Я взял с полки одну наугад, раскрыл и глазом не успел моргнуть, как уже, спешившись, шел вдоль кустов орешника и шиповника, а сзади конюх вел под уздцы двух лошадей, шел в шуршании лесной тишины, обнаженный по пояс, в лучах полуденного солнца, шел и улыбался, загадочный и царственный, уверенный в победе. “Любовь властелина” я прочитал запоем за пять дней и с этих пор стал жить в книгах. Той весной все студенты вышли на улицу, я же сидел в руанском коллеже и готовил уроки, когда вошел директор, а за ним новичок, одетый в городское платье, и служитель, тащивший большую парту; или страдал с Йозефом К., которого кто-то, по-видимому, оклеветал, потому что, не сделав ничего дурного, он попал под арест; или гулял в Мегаре, предместье Карфагена, в садах Гамилькара, а то и вовсе спустя много лет стоял у стены в ожидании расстрела.
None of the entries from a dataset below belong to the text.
lemma cf_a_Suc_ge_1: "a (Suc n) \<ge> 1"
  using cf_rem_Suc_gt_1[of n] unfolding cf_a_def by (simp add: one_le_floor)

lemma cf_rem_eq: "r n = of_int (a n) + 1 / r (Suc n)"
  using frac_cf_rem_pos[of n] by (simp add: cf_a_def frac_def)

lemma cf_a_rem_bounds: "of_int (a n) \<le> r n" "r n < of_int (a n) + 1"
  unfolding cf_a_def by linarith+

declare cf_rem.simps(2) [simp del]

definition err :: "nat \<Rightarrow> real" where
  "err n = of_int (Q n) * x - of_int (P n)"

lemma err_0: "err 0 = 1 / r 1"
  using cf_rem_eq[of 0] by (simp add: err_def cf_a_def)

lemma err_Suc: "err (Suc n) = - err n / r (Suc (Suc n))"
proof (induction n)
  case 0
  have "err 1 = of_int (a 1) * err 0 - 1"
    by (simp add: err_def algebra_simps)
  also have "\<dots> = err 0 * (of_int (a 1) - r 1)"
    using err_0 cf_rem_Suc_pos[of 0] by (simp add: field_simps)
  also have "\<dots> = - err 0 / r 2"
    using cf_rem_eq[of 1] by (simp add: numeral_2_eq_2)
  finally show ?case
    by (simp add: numeral_2_eq_2)
next
  case (Suc m)
  have "err (Suc (Suc m)) = of_int (a (m + 2)) * err (Suc m) + err m"
    by (simp add: err_def algebra_simps)
  also have "\<dots> = err (Suc m) * (of_int (a (m + 2)) - r (Suc (Suc m)))"
    using Suc cf_rem_Suc_pos[of "Suc m"] by (simp add: field_simps)
  also have "\<dots> = - err (Suc m) / r (Suc (Suc (Suc m)))"
    using cf_rem_eq[of "Suc (Suc m)"] by simp
  finally show ?case .
qed
text \<open>The maximal ergodic theorem for \<open>f - t\<close> passes to the limit by dominated convergence.\<close>
lemma integral_ge_if_AE_limsup_birkhoff_avg_gt:
  fixes f :: "'a \<Rightarrow> real"
  assumes [measurable]: "f \<in> borel_measurable M" and bound: "\<And>x. \<bar>f x\<bar> \<le> B"
    and AE_gt: "AE x in M. ereal t < limsup (\<lambda>n. ereal (birkhoff_sum f n x / n))"
  shows "t \<le> integral\<^sup>L M f"
proof -
  define g where "g x = f x - t" for x
  have [measurable]: "g \<in> borel_measurable M"
    unfolding g_def by measurable
  have g_bound: "\<bar>g x\<bar> \<le> B + \<bar>t\<bar>" for x
    using bound[of x] unfolding g_def by linarith
  have AE_lim: "AE x in M. (\<lambda>n. indicator {y. 0 < max_birkhoff_sum g n y} x * g x) \<longlonglongrightarrow> g x"
    using AE_gt
  proof eventually_elim
    case (elim x)
    from eventually_max_birkhoff_sum_pos[OF elim]
    have "\<forall>\<^sub>F m in sequentially. indicator {y. 0 < max_birkhoff_sum g m y} x * g x = g x"
      unfolding g_def by (rule eventually_mono) simp
    then show ?case
      by (rule tendsto_eventually)
  qed
  have "\<bar>indicator {y. 0 < max_birkhoff_sum g n y} x * g x\<bar> \<le> B + \<bar>t\<bar>" for n x
    using g_bound[of x] order_trans[OF abs_ge_zero g_bound] by (simp add: indicator_def)
  then have lim: "(\<lambda>n. \<integral>x. indicator {y. 0 < max_birkhoff_sum g n y} x * g x \<partial>M)
      \<longlonglongrightarrow> integral\<^sup>L M g"
    by (intro integral_dominated_convergence[OF _ _ _ AE_lim, where w = "\<lambda>_. B + \<bar>t\<bar>"]) simp_all
  have "0 \<le> (\<integral>x. indicator {y. 0 < max_birkhoff_sum g n y} x * g x \<partial>M)" for n
    by (rule maximal_ergodic[of g "B + \<bar>t\<bar>"]) (simp_all add: g_bound)
  then have "0 \<le> integral\<^sup>L M g"
    using LIMSEQ_le_const[OF lim] by blast
  moreover have "integral\<^sup>L M g = integral\<^sup>L M f - t"
    unfolding g_def
    by (subst Bochner_Integration.integral_diff[OF integrable_bounded[OF _ bound]])
      (simp_all add: prob_space)
  ultimately show ?thesis
    by simp
qed

end

locale ergodic_system = measure_preserving_system +
  assumes ergodic: "\<And>A. A \<in> sets M \<Longrightarrow> T -` A \<inter> space M = A \<Longrightarrow> prob A = 0 \<or> prob A = 1"
begin

lemma AE_less_limsup_birkhoff_avg_imp_le:
  fixes f :: "'a \<Rightarrow> real"
  assumes [measurable]: "f \<in> borel_measurable M" and bound: "\<And>x. \<bar>f x\<bar> \<le> B"
  shows "AE x in M. ereal t < limsup (\<lambda>n. ereal (birkhoff_sum f n x / n)) \<longrightarrow> t \<le> integral\<^sup>L M f"
proof -
  define U where "U = {x \<in> space M. ereal t < limsup (\<lambda>n. ereal (birkhoff_sum f n x / n))}"
  have U_sets [measurable]: "U \<in> sets M"
    unfolding U_def by measurable
  have "T -` U \<inter> space M = U"
    unfolding U_def using limsup_birkhoff_avg_comp_T[OF bound] T_in_space by auto
  then consider "prob U = 0" | "prob U = 1"
    using ergodic[OF U_sets] by blast
  then show ?thesis
  proof cases
    case 1
    then have "AE x in M. \<not> ereal t < limsup (\<lambda>n. ereal (birkhoff_sum f n x / n))"
      using prob_Collect_eq_0 U_sets unfolding U_def by simp
    then show ?thesis
      by (rule eventually_mono) simp
  next
    case 2
    then have "AE x in M. ereal t < limsup (\<lambda>n. ereal (birkhoff_sum f n x / n))"
      using prob_Collect_eq_1 U_sets unfolding U_def by simp
    then have "t \<le> integral\<^sup>L M f"
      by (rule integral_ge_if_AE_limsup_birkhoff_avg_gt[OF _ bound, rotated]) simp
    then show ?thesis
      by simp
  qed
qed

lemma AE_limsup_birkhoff_avg_le:
  fixes f :: "'a \<Rightarrow> real"
  assumes [measurable]: "f \<in> borel_measurable M" and bound: "\<And>x. \<bar>f x\<bar> \<le> B"
  shows "AE x in M. limsup (\<lambda>n. ereal (birkhoff_sum f n x / n)) \<le> integral\<^sup>L M f"
proof -
  let ?L = "\<lambda>x. limsup (\<lambda>n. ereal (birkhoff_sum f n x / n))"
  have "AE x in M. \<forall>q\<in>\<rat>. ereal q < ?L x \<longrightarrow> q \<le> integral\<^sup>L M f"
    using AE_less_limsup_birkhoff_avg_imp_le[OF assms]
    by (simp add: AE_ball_countable countable_rat)
  then show ?thesis
  proof eventually_elim
    case (elim x)
    show ?case
    proof (rule ccontr)
      assume "\<not> ?L x \<le> integral\<^sup>L M f"
      then have "ereal (integral\<^sup>L M f) < ?L x"
        by simp
      then obtain r where r: "ereal (integral\<^sup>L M f) < ereal r" "ereal r < ?L x"
        using ereal_dense2 by blast
      then obtain q where q: "q \<in> \<rat>" "integral\<^sup>L M f < q" "q < r"
        using Rats_dense_in_real[of "integral\<^sup>L M f" r] by auto
      then have "ereal q < ?L x"
        by (intro order.strict_trans[OF _ r(2)]) simp
      with elim q(1) have "q \<le> integral\<^sup>L M f"
        by blast
      with q(2) show False
        by simp
    qed
  qed
qed

theorem birkhoff_avg_AE_tendsto:
  fixes f :: "'a \<Rightarrow> real"
  assumes [measurable]: "f \<in> borel_measurable M" and bound: "\<And>x. \<bar>f x\<bar> \<le> B"
  shows "AE x in M. (\<lambda>n. birkhoff_sum f n x / n) \<longlonglongrightarrow> integral\<^sup>L M f"
proof -
  have "AE x in M. limsup (\<lambda>n. ereal (birkhoff_sum (\<lambda>x. - f x) n x / n)) \<le> integral\<^sup>L M (\<lambda>x. - f x)"
    by (rule AE_limsup_birkhoff_avg_le[where B = B]) (simp_all add: bound)
  moreover have "AE x in M. limsup (\<lambda>n. ereal (birkhoff_sum f n x / n)) \<le> integral\<^sup>L M f"
    by (rule AE_limsup_birkhoff_avg_le[OF _ bound]) simp
  ultimately show ?thesis
  proof eventually_elim
    case (elim x)
    from elim(1) have "limsup (\<lambda>n. ereal (- (birkhoff_sum f n x / n))) \<le> ereal (- integral\<^sup>L M f)"
      by (simp add: birkhoff_sum_uminus)
    moreover have "liminf (\<lambda>n. ereal (birkhoff_sum f n x / n))
        = - limsup (\<lambda>n. ereal (- (birkhoff_sum f n x / n)))"
      using ereal_Liminf_uminus[of sequentially "\<lambda>n. ereal (- (birkhoff_sum f n x / n))"] by simp
    ultimately have "integral\<^sup>L M f \<le> liminf (\<lambda>n. ereal (birkhoff_sum f n x / n))"
      by (metis ereal_minus_le_minus ereal_uminus_uminus uminus_ereal.simps(1))
    with elim(2) show ?case
      by (rule limsup_le_liminf_real)
  qed
qed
Участь КПН, чьи дни были сочтены, меня ничуточки не волновала; пусть бы мятежники хоть все устои республиканского строя свергли, пусть бы гильотинировали президента у меня под окном, я бы только задернул занавески. Отныне мне было глубоко наплевать на все эти глупости. Я был Кафкой, летом 1914 года записавшим в дневник: “Германия объявила России войну. После обеда школа плавания”.

Закон в итоге был сначала утвержден, а потом отменен, и вот однажды утром гром великий грянул, баррикады разобрали, столы и стулья почистили и поставили на ноги. Занятия возобновились, но я на них больше не ходил. Вместо того чтоб слушать лекции, сидел в библиотеке, читал и писал. Тогда еще мне было невдомек, что отныне вся моя жизнь будет исчерпываться этими двумя глаголами и, более того, сольется с ними.

44

Однако вернемся к Гари. Хотя не говорил ли я и так о нем, говоря о себе? Уж я-то знал, что такое воля матери, у меня была собственная Мина Кацева, только она считала более надежным трамплином к славе не стопку романов, а диссертацию, но обе они желали одного и того же: чтобы мы, сыновья, сторицей возместили им то, чем их несправедливо обделила жизнь.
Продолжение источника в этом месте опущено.